### [Data section]
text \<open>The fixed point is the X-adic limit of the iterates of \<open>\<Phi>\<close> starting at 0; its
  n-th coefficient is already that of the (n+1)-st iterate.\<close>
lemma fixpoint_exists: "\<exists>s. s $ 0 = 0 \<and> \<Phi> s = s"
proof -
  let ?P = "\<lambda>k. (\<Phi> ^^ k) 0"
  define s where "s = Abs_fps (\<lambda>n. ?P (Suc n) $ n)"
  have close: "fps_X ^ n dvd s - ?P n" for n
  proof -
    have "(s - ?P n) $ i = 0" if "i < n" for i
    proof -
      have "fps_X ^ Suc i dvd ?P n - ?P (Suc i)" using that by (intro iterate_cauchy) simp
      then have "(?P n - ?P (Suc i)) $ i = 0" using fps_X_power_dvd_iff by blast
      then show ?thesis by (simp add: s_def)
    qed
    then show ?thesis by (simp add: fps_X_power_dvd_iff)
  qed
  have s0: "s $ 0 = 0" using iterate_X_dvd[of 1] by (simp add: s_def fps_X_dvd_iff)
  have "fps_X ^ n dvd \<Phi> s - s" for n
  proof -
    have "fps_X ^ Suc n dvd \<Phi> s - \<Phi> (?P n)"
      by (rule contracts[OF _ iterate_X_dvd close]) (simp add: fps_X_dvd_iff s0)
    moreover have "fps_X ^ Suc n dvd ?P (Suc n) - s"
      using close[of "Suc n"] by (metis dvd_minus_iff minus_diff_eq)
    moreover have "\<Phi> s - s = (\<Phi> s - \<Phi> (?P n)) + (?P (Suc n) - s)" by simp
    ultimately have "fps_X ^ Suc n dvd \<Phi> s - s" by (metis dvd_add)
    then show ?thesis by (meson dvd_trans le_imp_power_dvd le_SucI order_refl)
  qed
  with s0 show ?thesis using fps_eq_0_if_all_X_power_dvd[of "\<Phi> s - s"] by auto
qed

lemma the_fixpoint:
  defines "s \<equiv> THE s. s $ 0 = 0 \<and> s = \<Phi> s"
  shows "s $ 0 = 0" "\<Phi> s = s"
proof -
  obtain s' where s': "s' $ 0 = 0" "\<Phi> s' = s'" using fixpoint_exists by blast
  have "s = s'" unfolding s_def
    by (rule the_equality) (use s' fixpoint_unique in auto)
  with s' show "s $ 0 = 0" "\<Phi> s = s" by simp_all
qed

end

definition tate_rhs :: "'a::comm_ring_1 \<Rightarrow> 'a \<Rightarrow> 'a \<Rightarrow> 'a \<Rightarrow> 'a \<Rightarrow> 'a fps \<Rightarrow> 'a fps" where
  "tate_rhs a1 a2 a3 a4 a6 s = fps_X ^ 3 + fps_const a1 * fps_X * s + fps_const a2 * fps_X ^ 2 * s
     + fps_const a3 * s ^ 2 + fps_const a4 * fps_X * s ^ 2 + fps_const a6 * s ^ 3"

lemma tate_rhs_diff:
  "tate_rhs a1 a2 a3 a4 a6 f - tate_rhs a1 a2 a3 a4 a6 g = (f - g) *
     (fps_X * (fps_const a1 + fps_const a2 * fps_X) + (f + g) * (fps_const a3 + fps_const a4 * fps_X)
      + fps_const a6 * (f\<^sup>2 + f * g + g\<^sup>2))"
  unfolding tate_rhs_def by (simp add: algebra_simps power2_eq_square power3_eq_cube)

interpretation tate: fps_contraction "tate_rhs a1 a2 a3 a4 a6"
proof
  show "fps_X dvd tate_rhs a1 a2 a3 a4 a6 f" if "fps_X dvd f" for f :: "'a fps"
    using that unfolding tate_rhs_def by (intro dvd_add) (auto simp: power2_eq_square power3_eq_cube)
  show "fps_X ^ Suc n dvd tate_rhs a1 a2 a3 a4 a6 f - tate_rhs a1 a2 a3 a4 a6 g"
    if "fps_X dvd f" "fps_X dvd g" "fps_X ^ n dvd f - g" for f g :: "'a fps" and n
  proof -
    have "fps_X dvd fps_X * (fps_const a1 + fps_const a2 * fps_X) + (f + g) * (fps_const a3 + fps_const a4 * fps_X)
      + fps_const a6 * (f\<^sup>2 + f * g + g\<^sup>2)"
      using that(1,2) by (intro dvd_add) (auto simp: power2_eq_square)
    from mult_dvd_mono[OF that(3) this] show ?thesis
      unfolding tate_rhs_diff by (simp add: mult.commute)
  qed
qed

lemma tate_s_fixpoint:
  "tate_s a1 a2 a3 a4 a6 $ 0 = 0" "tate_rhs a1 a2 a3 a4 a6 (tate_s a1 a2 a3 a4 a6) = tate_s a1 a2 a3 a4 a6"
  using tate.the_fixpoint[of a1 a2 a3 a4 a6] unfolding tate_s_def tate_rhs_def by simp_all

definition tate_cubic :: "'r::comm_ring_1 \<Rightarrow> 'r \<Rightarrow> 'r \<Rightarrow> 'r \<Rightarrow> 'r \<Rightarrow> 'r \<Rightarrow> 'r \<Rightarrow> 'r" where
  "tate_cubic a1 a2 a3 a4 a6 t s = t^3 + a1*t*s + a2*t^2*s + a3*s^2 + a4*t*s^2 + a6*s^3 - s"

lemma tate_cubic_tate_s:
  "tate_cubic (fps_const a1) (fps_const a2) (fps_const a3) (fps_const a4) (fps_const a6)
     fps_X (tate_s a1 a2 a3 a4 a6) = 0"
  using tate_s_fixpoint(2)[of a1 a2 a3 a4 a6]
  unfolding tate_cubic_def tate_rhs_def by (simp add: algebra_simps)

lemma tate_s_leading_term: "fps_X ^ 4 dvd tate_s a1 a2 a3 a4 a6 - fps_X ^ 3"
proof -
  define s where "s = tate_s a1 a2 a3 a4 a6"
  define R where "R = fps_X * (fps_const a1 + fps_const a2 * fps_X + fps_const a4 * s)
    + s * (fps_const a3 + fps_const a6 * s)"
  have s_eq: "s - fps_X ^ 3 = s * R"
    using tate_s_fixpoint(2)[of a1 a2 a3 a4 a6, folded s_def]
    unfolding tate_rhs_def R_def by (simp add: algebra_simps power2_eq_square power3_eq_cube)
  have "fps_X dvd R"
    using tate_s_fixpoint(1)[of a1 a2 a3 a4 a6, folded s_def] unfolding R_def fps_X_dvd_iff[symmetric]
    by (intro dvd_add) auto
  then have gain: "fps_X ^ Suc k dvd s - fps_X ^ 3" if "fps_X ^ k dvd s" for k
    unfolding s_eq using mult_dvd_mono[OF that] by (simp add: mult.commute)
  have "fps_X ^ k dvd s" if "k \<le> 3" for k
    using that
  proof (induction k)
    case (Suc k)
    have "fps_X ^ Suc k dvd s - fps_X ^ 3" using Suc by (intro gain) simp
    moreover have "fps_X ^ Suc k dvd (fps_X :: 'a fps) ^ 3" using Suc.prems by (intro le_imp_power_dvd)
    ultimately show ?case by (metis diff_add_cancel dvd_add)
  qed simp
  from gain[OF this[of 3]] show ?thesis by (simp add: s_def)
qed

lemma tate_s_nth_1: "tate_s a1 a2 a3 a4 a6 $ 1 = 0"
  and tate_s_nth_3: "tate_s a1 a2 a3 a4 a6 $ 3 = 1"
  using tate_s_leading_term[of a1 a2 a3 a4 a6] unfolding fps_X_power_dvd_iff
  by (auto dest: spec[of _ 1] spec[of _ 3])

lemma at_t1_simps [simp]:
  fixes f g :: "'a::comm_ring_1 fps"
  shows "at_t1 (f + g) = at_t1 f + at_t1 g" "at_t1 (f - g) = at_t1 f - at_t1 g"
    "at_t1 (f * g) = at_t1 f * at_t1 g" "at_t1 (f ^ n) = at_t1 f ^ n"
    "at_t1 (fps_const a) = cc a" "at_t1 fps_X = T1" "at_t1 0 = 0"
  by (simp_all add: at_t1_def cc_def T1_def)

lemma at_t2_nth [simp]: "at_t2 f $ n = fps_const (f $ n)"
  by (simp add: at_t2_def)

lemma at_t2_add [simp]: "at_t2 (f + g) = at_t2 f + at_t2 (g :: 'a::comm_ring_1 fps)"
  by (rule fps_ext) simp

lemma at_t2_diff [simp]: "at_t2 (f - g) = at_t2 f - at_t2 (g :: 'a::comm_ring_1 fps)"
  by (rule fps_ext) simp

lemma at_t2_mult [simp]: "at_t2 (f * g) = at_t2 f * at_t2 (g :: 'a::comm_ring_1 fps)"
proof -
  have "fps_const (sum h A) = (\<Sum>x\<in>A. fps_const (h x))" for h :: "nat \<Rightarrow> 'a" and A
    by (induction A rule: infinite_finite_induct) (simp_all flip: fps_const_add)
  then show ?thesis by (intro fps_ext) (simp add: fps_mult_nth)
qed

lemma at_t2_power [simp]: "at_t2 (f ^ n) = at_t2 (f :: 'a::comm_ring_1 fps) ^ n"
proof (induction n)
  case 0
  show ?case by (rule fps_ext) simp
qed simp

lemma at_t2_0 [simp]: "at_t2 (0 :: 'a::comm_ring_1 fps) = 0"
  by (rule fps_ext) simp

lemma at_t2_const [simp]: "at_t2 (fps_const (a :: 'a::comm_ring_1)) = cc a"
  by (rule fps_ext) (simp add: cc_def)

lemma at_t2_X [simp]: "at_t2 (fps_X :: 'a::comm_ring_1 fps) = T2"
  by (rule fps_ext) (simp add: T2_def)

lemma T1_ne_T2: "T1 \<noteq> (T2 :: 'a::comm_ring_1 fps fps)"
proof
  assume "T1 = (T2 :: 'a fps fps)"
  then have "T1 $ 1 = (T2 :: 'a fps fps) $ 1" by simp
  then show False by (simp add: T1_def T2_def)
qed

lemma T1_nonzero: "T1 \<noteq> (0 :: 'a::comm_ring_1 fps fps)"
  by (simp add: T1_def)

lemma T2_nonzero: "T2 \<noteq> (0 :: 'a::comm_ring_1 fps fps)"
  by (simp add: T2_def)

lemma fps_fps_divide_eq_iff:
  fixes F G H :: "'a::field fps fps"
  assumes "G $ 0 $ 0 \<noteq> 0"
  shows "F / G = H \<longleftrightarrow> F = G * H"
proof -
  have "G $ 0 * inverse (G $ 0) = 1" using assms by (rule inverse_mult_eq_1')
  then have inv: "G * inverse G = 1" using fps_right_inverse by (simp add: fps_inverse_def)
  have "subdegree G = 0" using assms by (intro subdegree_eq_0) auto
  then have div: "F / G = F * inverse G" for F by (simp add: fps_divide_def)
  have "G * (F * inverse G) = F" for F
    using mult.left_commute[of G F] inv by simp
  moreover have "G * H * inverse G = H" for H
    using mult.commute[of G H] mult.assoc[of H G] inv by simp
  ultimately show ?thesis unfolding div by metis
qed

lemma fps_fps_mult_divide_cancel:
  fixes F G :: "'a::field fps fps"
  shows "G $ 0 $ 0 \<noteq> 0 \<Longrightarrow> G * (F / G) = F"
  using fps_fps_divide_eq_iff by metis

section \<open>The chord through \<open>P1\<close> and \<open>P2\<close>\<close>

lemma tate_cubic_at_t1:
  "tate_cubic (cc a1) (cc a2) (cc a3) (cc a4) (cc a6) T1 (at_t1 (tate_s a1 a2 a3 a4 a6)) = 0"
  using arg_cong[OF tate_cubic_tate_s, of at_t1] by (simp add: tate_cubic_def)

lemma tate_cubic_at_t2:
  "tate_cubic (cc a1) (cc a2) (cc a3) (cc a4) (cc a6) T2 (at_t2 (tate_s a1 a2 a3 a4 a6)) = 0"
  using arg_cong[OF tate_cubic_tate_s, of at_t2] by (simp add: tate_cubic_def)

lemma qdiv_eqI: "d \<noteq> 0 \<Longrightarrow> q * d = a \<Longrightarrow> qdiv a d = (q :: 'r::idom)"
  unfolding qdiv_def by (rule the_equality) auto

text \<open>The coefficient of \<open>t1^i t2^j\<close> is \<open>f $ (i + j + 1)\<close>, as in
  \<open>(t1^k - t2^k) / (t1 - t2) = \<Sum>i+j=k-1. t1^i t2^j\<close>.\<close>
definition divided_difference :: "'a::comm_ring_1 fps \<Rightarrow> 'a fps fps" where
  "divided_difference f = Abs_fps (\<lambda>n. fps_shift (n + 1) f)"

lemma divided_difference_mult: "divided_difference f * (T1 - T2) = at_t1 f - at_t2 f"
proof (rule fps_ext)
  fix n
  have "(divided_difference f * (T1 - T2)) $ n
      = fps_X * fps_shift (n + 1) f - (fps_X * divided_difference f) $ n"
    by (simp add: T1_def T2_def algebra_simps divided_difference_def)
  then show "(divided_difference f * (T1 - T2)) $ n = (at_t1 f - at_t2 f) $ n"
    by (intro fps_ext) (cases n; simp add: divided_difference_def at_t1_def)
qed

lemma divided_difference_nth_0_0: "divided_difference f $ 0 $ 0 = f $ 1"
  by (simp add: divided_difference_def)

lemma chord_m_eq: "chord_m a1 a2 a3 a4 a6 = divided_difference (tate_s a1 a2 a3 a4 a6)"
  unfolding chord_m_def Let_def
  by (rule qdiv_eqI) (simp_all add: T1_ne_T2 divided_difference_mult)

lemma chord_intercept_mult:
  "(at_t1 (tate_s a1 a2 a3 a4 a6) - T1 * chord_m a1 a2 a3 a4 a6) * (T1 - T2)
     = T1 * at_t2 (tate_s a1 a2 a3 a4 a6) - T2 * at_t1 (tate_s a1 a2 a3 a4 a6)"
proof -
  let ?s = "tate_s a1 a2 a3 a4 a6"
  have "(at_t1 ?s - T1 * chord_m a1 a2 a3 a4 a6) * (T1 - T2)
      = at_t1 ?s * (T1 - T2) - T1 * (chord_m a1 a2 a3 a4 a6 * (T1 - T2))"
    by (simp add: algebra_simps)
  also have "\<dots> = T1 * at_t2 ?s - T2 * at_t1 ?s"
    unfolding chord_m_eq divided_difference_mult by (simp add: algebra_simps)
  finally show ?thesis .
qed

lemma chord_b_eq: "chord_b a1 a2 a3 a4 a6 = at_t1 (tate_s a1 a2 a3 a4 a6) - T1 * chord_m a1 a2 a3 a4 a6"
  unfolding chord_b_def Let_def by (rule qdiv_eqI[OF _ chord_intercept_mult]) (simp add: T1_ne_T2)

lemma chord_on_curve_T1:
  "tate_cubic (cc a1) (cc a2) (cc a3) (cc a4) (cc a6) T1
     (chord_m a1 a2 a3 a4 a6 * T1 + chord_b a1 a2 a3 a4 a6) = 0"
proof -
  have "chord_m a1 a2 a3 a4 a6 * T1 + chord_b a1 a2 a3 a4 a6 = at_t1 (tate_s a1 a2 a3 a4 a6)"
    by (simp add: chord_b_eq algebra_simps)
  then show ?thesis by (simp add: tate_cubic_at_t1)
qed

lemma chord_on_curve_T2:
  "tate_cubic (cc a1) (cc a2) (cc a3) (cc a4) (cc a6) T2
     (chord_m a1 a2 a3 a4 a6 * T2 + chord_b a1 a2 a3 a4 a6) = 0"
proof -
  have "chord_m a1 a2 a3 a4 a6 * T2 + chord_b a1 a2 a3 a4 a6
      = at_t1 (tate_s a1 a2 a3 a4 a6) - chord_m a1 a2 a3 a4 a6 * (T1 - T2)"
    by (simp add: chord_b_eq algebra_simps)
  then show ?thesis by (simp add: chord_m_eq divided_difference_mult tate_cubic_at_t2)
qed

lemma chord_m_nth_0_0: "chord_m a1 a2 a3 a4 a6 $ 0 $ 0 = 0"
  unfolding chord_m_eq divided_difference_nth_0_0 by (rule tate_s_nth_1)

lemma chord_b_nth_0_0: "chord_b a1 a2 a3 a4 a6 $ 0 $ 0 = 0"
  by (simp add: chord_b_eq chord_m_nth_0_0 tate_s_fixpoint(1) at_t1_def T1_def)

### [Exercise requirements]
Check the entries above line by line and return each one containing the word "that".

### [Solved exercise]
  n-th coefficient is already that of the (n+1)-st iterate.\<close>
      have "fps_X ^ Suc i dvd ?P n - ?P (Suc i)" using that by (intro iterate_cauchy) simp
    using that unfolding tate_rhs_def by (intro dvd_add) (auto simp: power2_eq_square power3_eq_cube)
      using that(1,2) by (intro dvd_add) (auto simp: power2_eq_square)
    from mult_dvd_mono[OF that(3) this] show ?thesis
    unfolding s_eq using mult_dvd_mono[OF that] by (simp add: mult.commute)
    using that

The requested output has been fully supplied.